Huang a également fait allusion à une puce mystère, quelque chose qui, selon lui, "surprendra le monde", suggérant que GTC comprendra au moins une annonce au-delà de la feuille de route Rubin déjà connue. Un aperçu de l'architecture Feynman, prévue pour 2028 et conçue comme une plateforme d'inférence de premier plan pour les charges de travail d'IA agentique, est également attendu.
Au-delà du matériel : IA agentique et physique
Le matériel n'est qu'une partie de l'histoire. NVIDIA a articulé GTC 2026 autour de trois vagues convergentes : l'IA agentique (systèmes qui agissent de manière autonome dans le cadre de tâches en plusieurs étapes), l'IA physique (robots et automatisation industrielle alimentés par Isaac et Omniverse) et les usines d'IA, des systèmes de centres de données verticalement intégrés, construits spécifiquement pour produire des résultats d'IA à grande échelle. Les analystes de SiliconAngle notent que NVIDIA se repositionne non pas simplement comme un vendeur de puces, mais comme l'architecte d'une pile de production d'IA de bout en bout.
Le spectacle d'avant-match précédant le discours d'Huang met en vedette les PDG de Perplexity, LangChain, Mistral AI et d'autres, signalant à quel point l'écosystème logiciel d'IA au sens large s'est organisé autour des plateformes de NVIDIA.
Les partenaires complètent l'écosystème
Le géant du stockage KIOXIA fait partie des dizaines de partenaires présents à GTC qui présentent des solutions adaptées aux charges de travail d'IA. La société présente sa technologie AiSAQ, qui transfère la recherche de bases de données vectorielles d'IA de la DRAM coûteuse vers des SSD NVMe à haute capacité, ce qui pourrait réduire les coûts d'infrastructure pour les déploiements de grands modèles linguistiques. Les SSD d'entreprise CM9 et LC9 de KIOXIA, ce dernier offrant jusqu'à 245 To par disque en utilisant la mémoire flash QLC 3D NAND, sont directement destinés au stockage à l'échelle des usines d'IA.
Les investisseurs observent attentivement
Wall Street suit de près. Les actions de NVIDIA ont augmenté avant la conférence, plusieurs analystes maintenant des objectifs de cours haussiers : Vivek Arya de Bank of America maintient un objectif de 300 $, tandis qu'Ivan Feinseth de Tigress Financial l'a relevé à 360 $, selon TipRanks. Pourtant, le sentiment n'est pas uniformément euphorique : l'action a perdu 14 % par rapport à son pic post-bénéfices du début du mois de mars, les investisseurs s'interrogeant sur le rendement à court terme des dépenses d'infrastructure d'IA. GTC est donc un moment critique pour démontrer que les usines d'IA génèrent une valeur économique réelle et mesurable, et pas seulement des chiffres de référence impressionnants.

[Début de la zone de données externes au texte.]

lemma exists_subgroup_of_prime_card:
  assumes fin: "finite (carrier G)" and S: "subgroup S G" and q: "Factorial_Ring.prime q"
    and d: "q dvd card S"
  shows "\<exists>H. subgroup H G \<and> H \<subseteq> S \<and> card H = q"
proof -
  interpret GS: group "G\<lparr>carrier := S\<rparr>" using subgroup_imp_group S by blast
  obtain m where "card S = q * m" using d by blast
  then have oS: "order (G\<lparr>carrier := S\<rparr>) = q ^ 1 * m" by (simp add: order_def)
  have finS: "finite (carrier (G\<lparr>carrier := S\<rparr>))" using fin subgroup.subset[OF S] finite_subset by auto
  obtain H where H: "subgroup H (G\<lparr>carrier := S\<rparr>)" "card H = q ^ 1"
    using sylow_thm[OF q GS.is_group oS finS] by blast
  then show ?thesis using incl_subgroup[OF S H(1)] subgroup.subset[OF H(1)] by auto
qed

lemma commute_prime_card_subgroup:
  assumes fin: "finite (carrier G)" and Q: "subgroup Q G" and cQ: "card Q = q"
    and q: "Factorial_Ring.prime q" and x: "x \<in> Q" "x \<noteq> \<one>"
    and g: "g \<in> carrier G" and gx: "g \<otimes> x = x \<otimes> g"
  shows "\<forall>y \<in> Q. g \<otimes> y = y \<otimes> g"
proof -
  have xc: "x \<in> carrier G" using x Q subgroup.subset by blast
  have gs: "subgroup (generate G {x}) G" using generate_is_subgroup xc by auto
  have gQ: "generate G {x} \<subseteq> Q" using generate_subgroup_incl[OF _ Q] x by auto
  have "card (generate G {x}) dvd card Q" using card_subgroup_dvd[OF fin gs Q gQ] .
  then have "card (generate G {x}) = 1 \<or> card (generate G {x}) = q"
    using cQ q by (simp add: prime_nat_iff)
  moreover have "card (generate G {x}) \<noteq> 1"
    using subgroup_card_eq_1[OF gs] generate.incl[of x "{x}" G] x by auto
  ultimately have "card (generate G {x}) = q" by blast
  moreover have "finite Q" using fin Q subgroup.subset finite_subset by blast
  ultimately have eq: "generate G {x} = Q" using card_subset_eq[OF _ gQ] cQ by metis
  have "x \<in> centralizer G {g}" unfolding centralizer_def using xc gx by simp
  then have "generate G {x} \<subseteq> centralizer G {g}"
    using generate_subgroup_incl[OF _ centralizer_subgroup] g by simp
  then show ?thesis using eq unfolding centralizer_def by auto
qed

lemma prime_card_subgroup_le_centralizer:
  assumes fin: "finite (carrier G)" and Q: "subgroup Q G" and cQ: "card Q = q"
    and q: "Factorial_Ring.prime q"
  shows "Q \<subseteq> centralizer G Q"
proof
  fix y assume y: "y \<in> Q"
  have yc: "y \<in> carrier G" using y Q subgroup.subset by blast
  have "\<forall>z\<in>Q. y \<otimes> z = z \<otimes> y"
  proof (cases "y = \<one>")
    case True
    then show ?thesis using Q subgroup.subset by fastforce
  next
    case False
    then show ?thesis using commute_prime_card_subgroup[OF fin Q cQ q y False yc] by simp
  qed
  then show "y \<in> centralizer G Q" unfolding centralizer_def using yc by auto
qed

lemma conj_nat_pow:
  assumes "g \<in> carrier G" "x \<in> carrier G"
  shows "(g \<otimes> x \<otimes> inv g) [^] (n::nat) = g \<otimes> (x [^] n) \<otimes> inv g"
  by (induction n) (use assms in \<open>simp_all add: m_assoc\<close>)

lemma pow_card_subgroup:
  assumes fin: "finite (carrier G)" and R: "subgroup R G" and r: "r \<in> R"
  shows "r [^] card R = \<one>"
proof -
  interpret GR: group "G\<lparr>carrier := R\<rparr>" using subgroup_imp_group R by blast
  have "r [^]\<^bsub>G\<lparr>carrier := R\<rparr>\<^esub> order (G\<lparr>carrier := R\<rparr>) = \<one>\<^bsub>G\<lparr>carrier := R\<rparr>\<^esub>"
    using GR.pow_order_eq_1 r by simp
  then show ?thesis by (simp add: order_def nat_pow_consistent[symmetric])
qed

lemma pow_coprime_eq_one:
  assumes x: "x \<in> carrier G" and a: "x [^] (a::nat) = \<one>" and b: "x [^] (b::nat) = \<one>"
    and cop: "coprime a b"
  shows "x = \<one>"
proof -
  have "ord x dvd a" "ord x dvd b" using pow_eq_id[OF x] a b by auto
  then have "ord x = 1" using cop by (meson coprime_common_divisor_nat)
  then show ?thesis using ord_eq_1[OF x] by simp
qed

lemma unique_subgroup_of_card_normal:
  assumes Q: "subgroup Q G"
    and unique: "\<forall>Q'. subgroup Q' G \<and> card Q' = card Q \<longrightarrow> Q' = Q"
  shows "Q \<lhd> G"
proof (rule normal_invI[OF Q])
  fix x h assume x: "x \<in> carrier G" and h: "h \<in> Q"
  have "conjugate G x Q = Q"
    using unique subgroup_conjugate[OF Q x] card_conjugate[OF subgroup.subset[OF Q] x] by blast
  then show "x \<otimes> h \<otimes> inv x \<in> Q" using conjugateI[OF h, of x] by simp
qed

lemma normal_subgroups_commute:
  assumes A: "A \<lhd> G" and B: "B \<lhd> G" and AB: "A \<inter> B = {\<one>}" and a: "a \<in> A" and b: "b \<in> B"
  shows "a \<otimes> b = b \<otimes> a"
proof -
  interpret A: normal A G by (rule A)
  interpret B: normal B G by (rule B)
  have ac: "a \<in> carrier G" and bc: "b \<in> carrier G" using a b by auto
  have "a \<otimes> b \<otimes> inv a \<otimes> inv b \<in> B"
    using B.inv_op_closed2[OF ac b] b by (simp add: B.m_closed)
  moreover have "a \<otimes> (b \<otimes> inv a \<otimes> inv b) \<in> A"
    using A.inv_op_closed2[OF bc A.m_inv_closed[OF a]] a by (simp add: A.m_closed)
  then have "a \<otimes> b \<otimes> inv a \<otimes> inv b \<in> A" using ac bc by (simp add: m_assoc)
  ultimately have "a \<otimes> b \<otimes> inv a \<otimes> inv b = \<one>" using AB by auto
  then have "a \<otimes> b \<otimes> inv a \<otimes> inv b \<otimes> b \<otimes> a = b \<otimes> a" using ac bc by simp
  then show ?thesis using ac bc by (simp add: m_assoc)
qed

lemma conjugation_orbit_subset:
  assumes Q: "Q \<lhd> G" and x: "x \<in> Q" "x \<noteq> \<one>"
  shows "orbit G (\<lambda>g. \<lambda>h \<in> carrier G. g \<otimes> h \<otimes> inv g) x \<subseteq> Q - {\<one>}"
proof
  interpret Q: normal Q G by (rule Q)
  have xc: "x \<in> carrier G" using x by auto
  fix y assume "y \<in> orbit G (\<lambda>g. \<lambda>h \<in> carrier G. g \<otimes> h \<otimes> inv g) x"
  then obtain g where g: "g \<in> carrier G" "y = g \<otimes> x \<otimes> inv g" unfolding orbit_def using xc by auto
  have "y \<noteq> \<one>"
  proof
    assume "y = \<one>"
    then have "inv g \<otimes> (g \<otimes> x \<otimes> inv g) \<otimes> g = inv g \<otimes> \<one> \<otimes> g" using g by simp
    then show False using g xc x by (simp add: m_assoc)
  qed
  then show "y \<in> Q - {\<one>}" using g x Q.inv_op_closed2 by blast
qed

lemma order_le_centralizer_normal_prime:
  assumes fin: "finite (carrier G)" and Q: "Q \<lhd> G" and cQ: "card Q = q"
    and q: "Factorial_Ring.prime q"
  shows "order G \<le> (q - 1) * card (centralizer G Q)"
proof -
  interpret Q: normal Q G by (rule Q)
  let ?\<phi> = "\<lambda>g. \<lambda>h \<in> carrier G. g \<otimes> h \<otimes> inv g"
  interpret conj: group_action G "carrier G" ?\<phi> by (rule action_by_conjugation)
  have finQ: "finite Q" using fin Q.subset finite_subset by blast
  have "Q \<noteq> {\<one>}" using cQ prime_gt_1_nat[OF q] by auto
  then obtain x where x: "x \<in> Q" "x \<noteq> \<one>" using Q.one_closed by blast
  have xc: "x \<in> carrier G" using x by auto
  have "orbit G ?\<phi> x \<subseteq> Q - {\<one>}" using conjugation_orbit_subset[OF Q x] .
  then have "card (orbit G ?\<phi> x) \<le> card (Q - {\<one>})" using finQ by (intro card_mono) auto
  then have orbit_le: "card (orbit G ?\<phi> x) \<le> q - 1" using cQ finQ by (simp add: card_Diff_singleton)
  have "stabilizer G ?\<phi> x \<subseteq> centralizer G Q"
  proof
    fix g assume "g \<in> stabilizer G ?\<phi> x"
    then have g: "g \<in> carrier G" "g \<otimes> x \<otimes> inv g = x" unfolding stabilizer_def using xc by auto
    then have "g \<otimes> x \<otimes> inv g \<otimes> g = x \<otimes> g" by simp
    then have "g \<otimes> x = x \<otimes> g" using g(1) xc by (simp add: m_assoc)
    then show "g \<in> centralizer G Q"
      using commute_prime_card_subgroup[OF fin Q.subgroup_axioms cQ q x g(1)] g(1)
      unfolding centralizer_def by auto
  qed
  then have "card (stabilizer G ?\<phi> x) \<le> card (centralizer G Q)"
    using fin by (intro card_mono) (auto simp: centralizer_def)
  with orbit_le have "card (orbit G ?\<phi> x) * card (stabilizer G ?\<phi> x) \<le> (q - 1) * card (centralizer G Q)"
    by (rule mult_le_mono)
  then show ?thesis using conj.orbit_stabilizer_theorem[OF xc] by simp
qed

end

section \<open>Groups of order \<open>q p\<^sup>s\<close>\<close>

definition normal_core :: "('a, 'b) monoid_scheme \<Rightarrow> 'a set \<Rightarrow> 'a set" where
  "normal_core G P = {x \<in> carrier G. \<forall>g \<in> carrier G. x \<in> conjugate G g P}"

context group
begin

lemma normal_core_subset:
  assumes "P \<subseteq> carrier G" shows "normal_core G P \<subseteq> P"
proof
  fix x assume "x \<in> normal_core G P"
  then have "x \<in> conjugate G \<one> P" unfolding normal_core_def by blast
  then show "x \<in> P" using conjugate_one[OF assms] by simp
qed

lemma normal_core_normal:
  assumes P: "subgroup P G" shows "normal_core G P \<lhd> G"
proof -
  have Pc: "P \<subseteq> carrier G" using P subgroup.subset by blast
  have conjP: "\<And>g. g \<in> carrier G \<Longrightarrow> subgroup (conjugate G g P) G"
    using subgroup_conjugate[OF P] .
  have "subgroup (normal_core G P) G"
  proof (rule subgroupI)
    fix a b assume a: "a \<in> normal_core G P" and b: "b \<in> normal_core G P"
    then have "a \<in> carrier G" "b \<in> carrier G" unfolding normal_core_def by auto
    moreover have "inv a \<in> conjugate G g P" "a \<otimes> b \<in> conjugate G g P" if "g \<in> carrier G" for g
      using a b that conjP[OF that] unfolding normal_core_def
      by (auto intro: subgroup.m_inv_closed subgroup.m_closed)
    ultimately show "inv a \<in> normal_core G P" "a \<otimes> b \<in> normal_core G P"
      unfolding normal_core_def by auto
  next
    show "normal_core G P \<subseteq> carrier G" unfolding normal_core_def by auto
    have "\<one> \<in> conjugate G g P" if "g \<in> carrier G" for g
      using conjP[OF that] by (rule subgroup.one_closed)
    then show "normal_core G P \<noteq> {}" unfolding normal_core_def by auto
  qed
  then show ?thesis
  proof (rule normal_invI)
    fix x h assume x: "x \<in> carrier G" and h: "h \<in> normal_core G P"
    have hc: "h \<in> carrier G" using h unfolding normal_core_def by auto
    have "x \<otimes> h \<otimes> inv x \<in> conjugate G g P" if g: "g \<in> carrier G" for g
    proof -
      have "h \<in> conjugate G (inv x \<otimes> g) P" using h g x unfolding normal_core_def by auto
      then have "inv (inv x \<otimes> g) \<otimes> h \<otimes> (inv x \<otimes> g) \<in> P"
        using mem_conjugate_iff[OF Pc _ hc] g x by auto
      moreover have "inv (inv x \<otimes> g) \<otimes> h \<otimes> (inv x \<otimes> g) = inv g \<otimes> (x \<otimes> h \<otimes> inv x) \<otimes> g"
        using g x hc by (simp add: inv_mult_group m_assoc)
      ultimately show ?thesis using mem_conjugate_iff[OF Pc g] g x hc by simp
    qed
    then show "x \<otimes> h \<otimes> inv x \<in> normal_core G P" unfolding normal_core_def using x hc by auto
  qed
qed

lemma normalizer_eq_sylow:
  assumes fin: "finite (carrier G)" and q: "Factorial_Ring.prime q" and ord: "order G = q * p ^ s"
    and P: "subgroup P G" "card P = p ^ s" and g0: "g0 \<in> carrier G" "conjugate G g0 P \<noteq> P"
  shows "normalizer G P = P"
proof -
  have Pc: "P \<subseteq> carrier G" using P subgroup.subset by blast
  have finP: "finite P" using fin Pc finite_subset by blast
  have Nm: "subgroup (normalizer G P) G" using normalizer_imp_subgroup[OF Pc] .
  have PNm: "P \<subseteq> normalizer G P"
    unfolding normalizer_conjugate[OF Pc] using conjugate_by_member[OF P(1) _ finP] Pc by auto
  obtain d where d: "card (normalizer G P) = p ^ s * d"
    using card_subgroup_dvd[OF fin P(1) Nm PNm] P(2) by (auto elim: dvdE)
  have "card P > 0" using finP subgroup.one_closed[OF P(1)] by (auto simp: card_gt_0_iff)
  then have "p ^ s > 0" using P(2) by simp
  moreover have "card (normalizer G P) dvd q * p ^ s" using card_subgroup_dvd_order[OF fin Nm] ord by simp
  ultimately have "d dvd q" using d by (simp add: mult.commute)
  then have "d = 1 \<or> d = q" using q by (simp add: prime_nat_iff)
  moreover have "d \<noteq> q"
  proof
    assume "d = q"
    then have "card (normalizer G P) = card (carrier G)" using d ord by (simp add: order_def mult.commute)
    then have "normalizer G P = carrier G" using card_subset_eq[OF fin] subgroup.subset[OF Nm] by blast
    then show False using g0 normalizer_conjugate[OF Pc] by auto
  qed
  ultimately have "card (normalizer G P) = card P" using d P(2) by simp
  moreover have "finite (normalizer G P)" using fin subgroup.subset[OF Nm] finite_subset by blast
  ultimately show ?thesis using card_subset_eq PNm by metis
qed
lemma polar_subset_clarke_tangent_cone:
  fixes \<Omega> :: "'a::euclidean_space set"
  assumes cl: "closed \<Omega>" and eta: "\<eta> > 0" and pr: "prox_regular \<eta> \<Omega>"
    and x: "x \<in> \<Omega>" and u: "u \<in> polar_cone (eta_normal_cone \<eta> \<Omega> x)"
  shows "u \<in> clarke_tangent_cone \<Omega> x"
  unfolding clarke_tangent_cone_def
proof (intro CollectI allI impI)
  fix t :: "nat \<Rightarrow> real" and xs :: "nat \<Rightarrow> 'a"
  assume "(\<forall>n. 0 < t n) \<and> t \<longlonglongrightarrow> 0 \<and> (\<forall>n. xs n \<in> \<Omega>) \<and> xs \<longlonglongrightarrow> x"
  then have t: "\<And>n. t n > 0" "t \<longlonglongrightarrow> 0" and xs: "\<And>n. xs n \<in> \<Omega>" "xs \<longlonglongrightarrow> x" by auto
  define p where "p n = closest_point \<Omega> (xs n + t n *\<^sub>R u)" for n
  define vs where "vs n = (p n - xs n) /\<^sub>R t n" for n
  have "\<Omega> \<noteq> {}" using x by auto
  then have p\<Omega>: "p n \<in> \<Omega>" for n using closest_point_in_set[OF cl] by (simp add: p_def)
  have "(\<lambda>n. t n *\<^sub>R u) \<longlonglongrightarrow> 0" using tendsto_scaleR[OF t(2) tendsto_const[of u]] by simp
  then have p: "p \<longlonglongrightarrow> x" unfolding p_def by (rule closest_point_translate_tendsto[OF cl xs])
  have "vs \<longlonglongrightarrow> u"
  proof (rule tendsto_iff[THEN iffD2], intro allI impI)
    fix e :: real assume e: "e > 0"
    obtain \<delta> where "\<delta> > 0" and near: "\<And>p. p \<in> \<Omega> \<Longrightarrow> dist p x < \<delta>
        \<Longrightarrow> \<forall>\<nu>\<in>eta_normal_cone \<eta> \<Omega> p. norm \<nu> = 1 \<longrightarrow> \<nu> \<bullet> u < e / 2"
      using polar_eta_normal_cone_near[OF eta u, of "e / 2"] e by auto
    have "(\<lambda>n. 2 * t n * (norm u)\<^sup>2 / \<eta>) \<longlonglongrightarrow> 2 * 0 * (norm u)\<^sup>2 / \<eta>"
      by (intro tendsto_intros t) (use eta in simp)
    then have "\<forall>\<^sub>F n in sequentially. 2 * t n * (norm u)\<^sup>2 / \<eta> < e / 2"
      using e by (intro order_tendstoD(2)) auto
    moreover have "\<forall>\<^sub>F n in sequentially. dist (p n) x < \<delta>"
      using p \<open>\<delta> > 0\<close> by (rule tendstoD)
    ultimately show "\<forall>\<^sub>F n in sequentially. dist (vs n) u < e"
    proof eventually_elim
      case (elim n)
      have "dist (vs n) u \<le> 2 * t n * (norm u)\<^sup>2 / \<eta> + e / 2"
        unfolding vs_def p_def
        by (rule dist_closest_point_difference_quotient_le[OF cl eta pr xs(1) t(1)])
           (use e near[OF p\<Omega>[of n] elim(2)] in \<open>auto simp: p_def\<close>)
      then show ?case using elim(1) by linarith
    qed
  qed
  moreover have "xs n + t n *\<^sub>R vs n \<in> \<Omega>" for n using t(1)[of n] p\<Omega> by (simp add: vs_def)
  ultimately show "\<exists>vs. vs \<longlonglongrightarrow> u \<and> (\<forall>n. xs n + t n *\<^sub>R vs n \<in> \<Omega>)" by blast
qed

lemma clarke_tangent_cone_eq_polar:
  fixes \<Omega> :: "'a::euclidean_space set"
  assumes "closed \<Omega>" and "\<eta> > 0" and "prox_regular \<eta> \<Omega>" and "x \<in> \<Omega>"
  shows "clarke_tangent_cone \<Omega> x = polar_cone (eta_normal_cone \<eta> \<Omega> x)"
  using clarke_tangent_cone_subset_polar[OF assms(2,4)] polar_subset_clarke_tangent_cone[OF assms]
  by blast

lemma closest_point_polar_cone:
  fixes N :: "'a::euclidean_space set"
  assumes N: "convex_cone N" and cl: "closed N"
  shows "closest_point (polar_cone N) w = w - closest_point N w"
proof -
  define c where "c = closest_point N w"
  have c: "c \<in> N" using closest_point_in_set[OF cl convex_cone_nonempty[OF N]] by (simp add: c_def)
  have obtuse: "(w - c) \<bullet> (y - c) \<le> 0" if "y \<in> N" for y
    using closest_point_dot[OF _ cl that] N by (simp add: c_def convex_cone_def)
  have "(w - c) \<bullet> (0 - c) \<le> 0" and "(w - c) \<bullet> (2 *\<^sub>R c - c) \<le> 0"
    using obtuse[OF convex_cone_contains_0[OF N]] obtuse[OF convex_cone_scaleR[OF N _ c, of 2]] by auto
  then have orth: "c \<bullet> (w - c) = 0" by (simp add: inner_commute inner_diff_right algebra_simps)
  have polar: "w - c \<in> polar_cone N"
    unfolding polar_cone_def
  proof (intro CollectI ballI)
    fix q assume "q \<in> N"
    then show "q \<bullet> (w - c) \<le> 0"
      using obtuse[OF convex_cone_add[OF N _ c]] by (simp add: inner_commute)
  qed
  have "dist w (w - c) \<le> dist w z" if z: "z \<in> polar_cone N" for z
  proof -
    have "c \<bullet> z \<le> 0" using z c by (auto simp: polar_cone_def)
    then have "(norm c)\<^sup>2 \<le> c \<bullet> (w - z)"
      using orth by (simp add: power2_norm_eq_inner inner_diff_right)
    also have "\<dots> \<le> norm c * norm (w - z)" by (rule norm_cauchy_schwarz)
    finally have "norm c \<le> norm (w - z)"
      by (cases "c = 0") (auto simp: power2_eq_square mult_le_cancel_left)
    then show ?thesis by (simp add: dist_norm)
  qed
  moreover have "convex (polar_cone N)" using convex_cone_polar_cone[of N] by (simp add: convex_cone_def)
  ultimately show ?thesis unfolding c_def
    by (intro closest_point_unique[symmetric] closed_polar_cone polar[unfolded c_def] ballI) (simp_all add: c_def)
qed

Les enjeux pour l'ensemble de l'industrie
Ce que NVIDIA annoncera cette semaine aura des répercussions : la tarification du cloud, les feuilles de route des concurrents, les décisions de financement des startups et les calendriers d'adoption de l'IA par les entreprises suivent tous le rythme de NVIDIA. Si Vera Rubin tient sa promesse de coût par jeton et que la vision de l'IA agentique gagne du terrain, 2026 pourrait marquer le point d'inflexion où l'IA passe du stade expérimental au stade opérationnel à l'échelle mondiale.